Stop alla “giusta causa” contro Eni. Ora la Cassazione deciderà sulla possibilità di una causa climatica
L’interruzione della causa è stata voluta dalle organizzazioni Greenpeace e Recommon. Cancellata l’udienza che avrebbe dovuto esaminare le eccezioni preliminari sollevate da Eni
La seconda sezione civile del Tribunale ordinario di Roma ha rinviato alla Corte di Cassazione la decisione sulla procedibilità del processo civile intentato da Greenpeace Italia, ReCommon e 12 cittadine e cittadine nei confronti di Eni e dei suoi azionisti pubblici.
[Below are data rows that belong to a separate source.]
(* Let $x\in\mathcal{X}$. Then $x$ is bilevel feasible if and only if $c^\top x = g(x_{\mathcal{A}_1})$.
   Context: Single-commodity network pricing setting: $G=(\mathcal{V},\mathcal{A})$ is a directed graph with arc costs $c\ge0$, arcs partitioned into a nonempty set $\mathcal{A}_1\subsetneq\mathcal{A}$ of tolled arcs and toll-free arcs $\mathcal{A}_2=\mathcal{A}\setminus\mathcal{A}_1$, $n=|\mathcal{A}_1|$; $N$ is the node–arc incidence matrix; there is one commodity with origin $o$ and destination $d$ and an $o$–$d$ path of toll-free arcs exists; $b_o=1$, $b_d=-1$, $b_i=0$ otherwise. Let $\mathcal{X}=\{x\in\mathbb{R}^{\mathcal{A}}: Nx=b,\ x\ge0\}$ and, for $x\in\mathbb{R}^{\mathcal{A}}$, let $x_{\mathcal{A}_1}\in\mathbb{R}^n$ be its restriction to $\mathcal{A}_1$. Define $f:\mathbb{R}^n\to\mathbb{R}\cup\{-\infty\}$ by $f(t)=\min\{c^\top x+t^\top x_{\mathcal{A}_1}: x\in\mathcal{X}\}$ for $t\ge0$ and $f(t)=-\infty$ otherwise, and $g(w)=\sup_{t\in\mathbb{R}^n}\{f(t)-t^\top w\}$ for $w\in\mathbb{R}^n$. A point $x\in\mathcal{X}$ is called bilevel feasible if the hyperplane $\{(t,z)\in\mathbb{R}^n\times\mathbb{R}: z=-c^\top x-t^\top x_{\mathcal{A}_1}\}$ supports the epigraph $\operatorname{epi}(-f)$, i.e. $\operatorname{epi}(-f)\subseteq\{(t,z): z\ge -c^\top x - t^\top x_{\mathcal{A}_1}\}$ and the hyperplane meets $\operatorname{epi}(-f)$. *)

theory Defs
  imports "HOL-Analysis.Analysis"
begin

text \<open>Arcs are the elements of a finite type 'a (so the arc set is UNIV);
  each arc has a tail and a head vertex.
  Tolls are functions 'a => real of which only the coordinates in A1 matter.\<close>

text \<open>x in X : N x = b, x >= 0 (N node-arc incidence matrix: +1 at tail, -1 at head).\<close>
definition flow_feasible ::
  "('a::finite \<Rightarrow> 'v) \<Rightarrow> ('a \<Rightarrow> 'v) \<Rightarrow> 'v \<Rightarrow> 'v \<Rightarrow> ('a \<Rightarrow> real) \<Rightarrow> bool" where
  "flow_feasible tail head orig dest x \<longleftrightarrow>
     (\<forall>a. 0 \<le> x a) \<and>
     (\<forall>i. (\<Sum>a\<in>{a. tail a = i}. x a) - (\<Sum>a\<in>{a. head a = i}. x a)
          = (if i = orig then 1 else if i = dest then -1 else 0))"

fun is_path :: "('a \<Rightarrow> 'v) \<Rightarrow> ('a \<Rightarrow> 'v) \<Rightarrow> 'v \<Rightarrow> 'a list \<Rightarrow> 'v \<Rightarrow> bool" where
  "is_path tail head u [] v \<longleftrightarrow> u = v"
| "is_path tail head u (a # as) v \<longleftrightarrow> tail a = u \<and> is_path tail head (head a) as v"

definition leader_cost ::
  "('a::finite \<Rightarrow> real) \<Rightarrow> 'a set \<Rightarrow> ('a \<Rightarrow> real) \<Rightarrow> ('a \<Rightarrow> real) \<Rightarrow> real" where
  "leader_cost c A1 t x = (\<Sum>a\<in>UNIV. c a * x a) + (\<Sum>a\<in>A1. t a * x a)"

definition pricing_f ::
  "('a::finite \<Rightarrow> real) \<Rightarrow> 'a set \<Rightarrow> ('a \<Rightarrow> 'v) \<Rightarrow> ('a \<Rightarrow> 'v) \<Rightarrow> 'v \<Rightarrow> 'v
     \<Rightarrow> ('a \<Rightarrow> real) \<Rightarrow> ereal" where
  "pricing_f c A1 tail head orig dest t =
     (if (\<forall>a\<in>A1. 0 \<le> t a)
      then Inf {ereal (leader_cost c A1 t x) | x. flow_feasible tail head orig dest x}
      else -\<infinity>)"

definition pricing_g ::
  "('a::finite \<Rightarrow> real) \<Rightarrow> 'a set \<Rightarrow> ('a \<Rightarrow> 'v) \<Rightarrow> ('a \<Rightarrow> 'v) \<Rightarrow> 'v \<Rightarrow> 'v
     \<Rightarrow> ('a \<Rightarrow> real) \<Rightarrow> ereal" where
  "pricing_g c A1 tail head orig dest w =
     (SUP t. pricing_f c A1 tail head orig dest t - ereal (\<Sum>a\<in>A1. t a * w a))"

text \<open>Bilevel feasibility: the hyperplane z = -c^T x - t^T x_{A1} supports epi(-f).\<close>
definition bilevel_feasible ::
  "('a::finite \<Rightarrow> real) \<Rightarrow> 'a set \<Rightarrow> ('a \<Rightarrow> 'v) \<Rightarrow> ('a \<Rightarrow> 'v) \<Rightarrow> 'v \<Rightarrow> 'v
     \<Rightarrow> ('a \<Rightarrow> real) \<Rightarrow> bool" where
  "bilevel_feasible c A1 tail head orig dest x \<longleftrightarrow>
     (\<forall>t (z::real). - pricing_f c A1 tail head orig dest t \<le> ereal z
         \<longrightarrow> - leader_cost c A1 t x \<le> z) \<and>
     (\<exists>t (z::real). - pricing_f c A1 tail head orig dest t \<le> ereal z
         \<and> z = - leader_cost c A1 t x)"

end

theory Submission
  imports Defs
begin

text \<open>For every toll vector t the follower cost of x is an upper bound for f(t), so
  g(x) <= c x, and x is bilevel feasible iff some t >= 0 gives f(t) = c x + t x, i.e. iff the
  supremum defining g(x) is attained with value c x. For t >= 0 the follower problem is a
  shortest path problem with nonnegative weights; its optimum is a simple o-d path, certified by
  the distance potential from o. Thus f(t) - t x is the minimum of the finitely many affine
  functions t |-> c(P) + t (1_P - x) over simple paths P, and the supremum of such a function over
  the nonnegative orthant is attained whenever it is finite, because finitely generated convex
  cones are closed.\<close>

lemma convex_cone_sum:
  assumes "convex_cone S" "\<And>k. k \<in> K \<Longrightarrow> f k \<in> S"
  shows "sum f K \<in> S"
  using assms(2)
  by (induction K rule: infinite_finite_induct)
     (auto intro: convex_cone_add convex_cone_contains_0[OF assms(1)] assms(1))

lemma convex_cone_hull_image_finite:
  fixes v :: "'k \<Rightarrow> 'b::real_vector"
  assumes "finite K"
  shows "convex_cone hull (v ` K) = {\<Sum>k\<in>K. u k *\<^sub>R v k | u. \<forall>k\<in>K. 0 \<le> u k}"
    (is "_ = ?C")
proof (rule hull_unique)
  show "v ` K \<subseteq> ?C"
  proof (rule image_subsetI)
    fix k assume "k \<in> K"
    then have "v k = (\<Sum>j\<in>K. indicator {k} j *\<^sub>R v j)"
      using assms by (simp add: Collect_conv_if)
    then show "v k \<in> ?C" by auto
  qed
  show "convex_cone ?C"
    unfolding convex_cone_iff
  proof (safe intro!: CollectI)
    show "\<exists>u. 0 = (\<Sum>k\<in>K. u k *\<^sub>R v k) \<and> (\<forall>k\<in>K. 0 \<le> u k)"
      by (intro exI[of _ "\<lambda>_. 0"]) simp
  next
    fix u u' :: "'k \<Rightarrow> real"
    assume "\<forall>k\<in>K. 0 \<le> u k" "\<forall>k\<in>K. 0 \<le> u' k"
    then show "\<exists>u''. (\<Sum>k\<in>K. u k *\<^sub>R v k) + (\<Sum>k\<in>K. u' k *\<^sub>R v k) = (\<Sum>k\<in>K. u'' k *\<^sub>R v k)
                 \<and> (\<forall>k\<in>K. 0 \<le> u'' k)"
      by (intro exI[of _ "\<lambda>k. u k + u' k"]) (simp add: scaleR_add_left sum.distrib)
  next
    fix u :: "'k \<Rightarrow> real" and c :: real
    assume "\<forall>k\<in>K. 0 \<le> u k" "0 \<le> c"
    then show "\<exists>u'. c *\<^sub>R (\<Sum>k\<in>K. u k *\<^sub>R v k) = (\<Sum>k\<in>K. u' k *\<^sub>R v k) \<and> (\<forall>k\<in>K. 0 \<le> u' k)"
      by (intro exI[of _ "\<lambda>k. c * u k"]) (simp add: scaleR_sum_right)
  qed
  show "?C \<subseteq> T" if "v ` K \<subseteq> T" "convex_cone T" for T
    using that by (auto intro!: convex_cone_sum convex_cone_scaleR)
qed

lemma closed_nonneg_combinations:
  fixes v :: "'k \<Rightarrow> 'b::euclidean_space"
  assumes "finite K"
  shows "closed {\<Sum>k\<in>K. u k *\<^sub>R v k | u. \<forall>k\<in>K. 0 \<le> u k}"
  using closed_convex_cone_hull[of "v ` K"] assms by (simp add: convex_cone_hull_image_finite)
Sarà la prima volta che la Suprema Corte italiana si esprimerà sulla possibilità di intentare una causa climatica nel nostro Paese.
Il contenzioso
Come aveva già scritto e-gazette è stata rinviata la nuova udienza, che era già stata fissata per settembre, la quale avrebbe dovuto esaminare le eccezioni preliminari sollevate da Eni, ministero dell’Economia e Cassa depositi e prestiti. Secondo le eccezioni dell’Eni, del ministero e di Cdp
“il difetto assoluto di giurisdizione del giudice ordinario adito”, di fatto contestando la possibilità di procedere con una causa climatica davanti a una corte ordinaria. Un motivo di improcedibilità contestato da Greenpeace Italia, ReCommon e le cittadine e cittadini aderenti alla Giusta Causa, che avevano fatto ricorso alla Suprema Corte per chiedere di pronunciarsi in merito. Il provvedimento del Tribunale Civile di Roma ha dunque negato che il ricorso presentato fosse manifestatamente inammissibile riguardo alla tempestività e alla giurisdizione, né manifestatamente infondato nelle ragioni della contestazione. Ha quindi avallato le richieste di cittadine e cittadini, Greenpeace Italia e ReCommon sospendendo il processo ordinario. Sarà quindi la Corte di Cassazione a esprimere la sua posizione vincolante sulle cosiddette climate litigation e sulla loro procedibilità.